Logotype design

I created the logos of the packages presented above and the others listed below using both Matplotlib and Illustrator. I have used these tools to create logos for various projects and workshops listed below, and I enjoy the process of designing custom graphics and visualizations.

This logo represents the Math + x symposium on inverse problems and deep learning in space exploration (2019). It symbolizes a Ptolemy solar system, with the central white half-circle representing a star, the second radial area showing an orbiting moon, and the last radial area showing an exoplanet illuminated by the star. The bottom spiderweb illustrates space-time deformations caused by the star, and the lower part shows an abstract representation of a neural network.

This logo represents the Math + x symposium on inverse problems and deep learning, mitigating natural hazards (2020).

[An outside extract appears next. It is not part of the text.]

(* Let $p\ge 3$ be a prime, $n\ge 2$ an integer, and $N=p^nN_1$, where either $N_1=1$ or $N_1=q_1q_2\cdots q_r$ with $q_1,\dots,q_r$ distinct primes different from $p$ such that $(q_i-1)\mid(p-1)$ for every $i$. Let $a,b$ be integers with $a\not\equiv 0,-1 \pmod p$ and $a\not\equiv -1\pmod{q_i}$ for every $i$, and let $\pi(x)=x^p+ax+b$ (such a $\pi$ permutes $\mathbb{Z}_N$). Let $\mathbf{s}$ be a Zadoff–Chu sequence of length $N$. Then (i) the interleaved sequence $\mathbf{s}\circ\pi$ is a CAZAC sequence; (ii) the interleaved sequence $\mathbf{s}\circ\pi^{-1}$ is a CAZAC sequence.
   Context: $\xi_N=e^{-2\pi\sqrt{-1}/N}$, and $\xi_N^{x/2}$ means $e^{-\pi\sqrt{-1}x/N}$. A Zadoff–Chu (ZC) sequence of length $N$ is $\mathbf{s}=(s(0),\dots,s(N-1))$ with $s(k)=\xi_N^{f(k)}$, $f(k)=u\,(k^2+(N\bmod 2)k+2lk)/2$, where $u$ is an integer with $\gcd(u,N)=1$ and $l$ is an arbitrary integer. A polynomial $\pi\in\mathbb{Z}_N[x]$ is a permutation polynomial (PP) over $\mathbb{Z}_N$ if $k\mapsto \pi(k)\bmod N$ is a bijection of $\mathbb{Z}_N=\{0,\dots,N-1\}$; $\pi^{-1}$ denotes the inverse permutation of $\mathbb{Z}_N$. For a permutation $\sigma$ of $\mathbb{Z}_N$, the interleaved sequence $\mathbf{s}\circ\sigma$ has $k$-th term $s(\sigma(k))$. The periodic auto-correlation of a length-$N$ sequence $\mathbf{y}$ is $\theta(d)=\sum_{k=0}^{N-1}y(k)y^*(k+d)$ with indices mod $N$. A sequence is CAZAC if all entries have modulus 1 and $\theta(d)=0$ for all $0<d<N$. *)

theory Defs
  imports Complex_Main "HOL-Number_Theory.Number_Theory"
begin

It depicts a volcano erupting and releasing a neural network, with a LSTM model being applied underneath to symbolize the research that was conducted to anticipate volcanic eruptions using deep learning and seismic source analysis. The logo also includes illustrations of a tornado and tsunamis to emphasize the focus on various types of natural hazards.

This logo represents the Math + x symposium on matter under extreme conditions in solar system giant planets and exoplanets, inverse problems and deep learning (2022). This logo depicts Saturn, with an atom symbol at its center symbolizing matter in the center of giant planets like metallic hydrogen. The constellation around the planet illustrates a neural network used to understand and model the behavior of such a system.

The covseisnet logo represents an array of seismic stations, with one station symbolizing a virtual source in the field of passive seismic interferometry. The image is enclosed in brackets to symbolize the matrix framework of the Python package.

This logo represents a beamforming or backprojection process, as depicted by the probability density function. The 3D grid illustrates that the package is capable of working with data in three dimensions. The logo was designed for a package that performs beamforming on seismic data features.

This logo is a modified Morlet wavelet. It represents the wavelet transform at the core of a scattering network and has the ability to classify and group similar signals through analysis. The color gradient in the logo represents the ability to identify and distinguish between different types of signals.

This logo is based on the original JAX logo, with the addition of the word "SYM" at the beginning, modifying the name to "SYMJAX".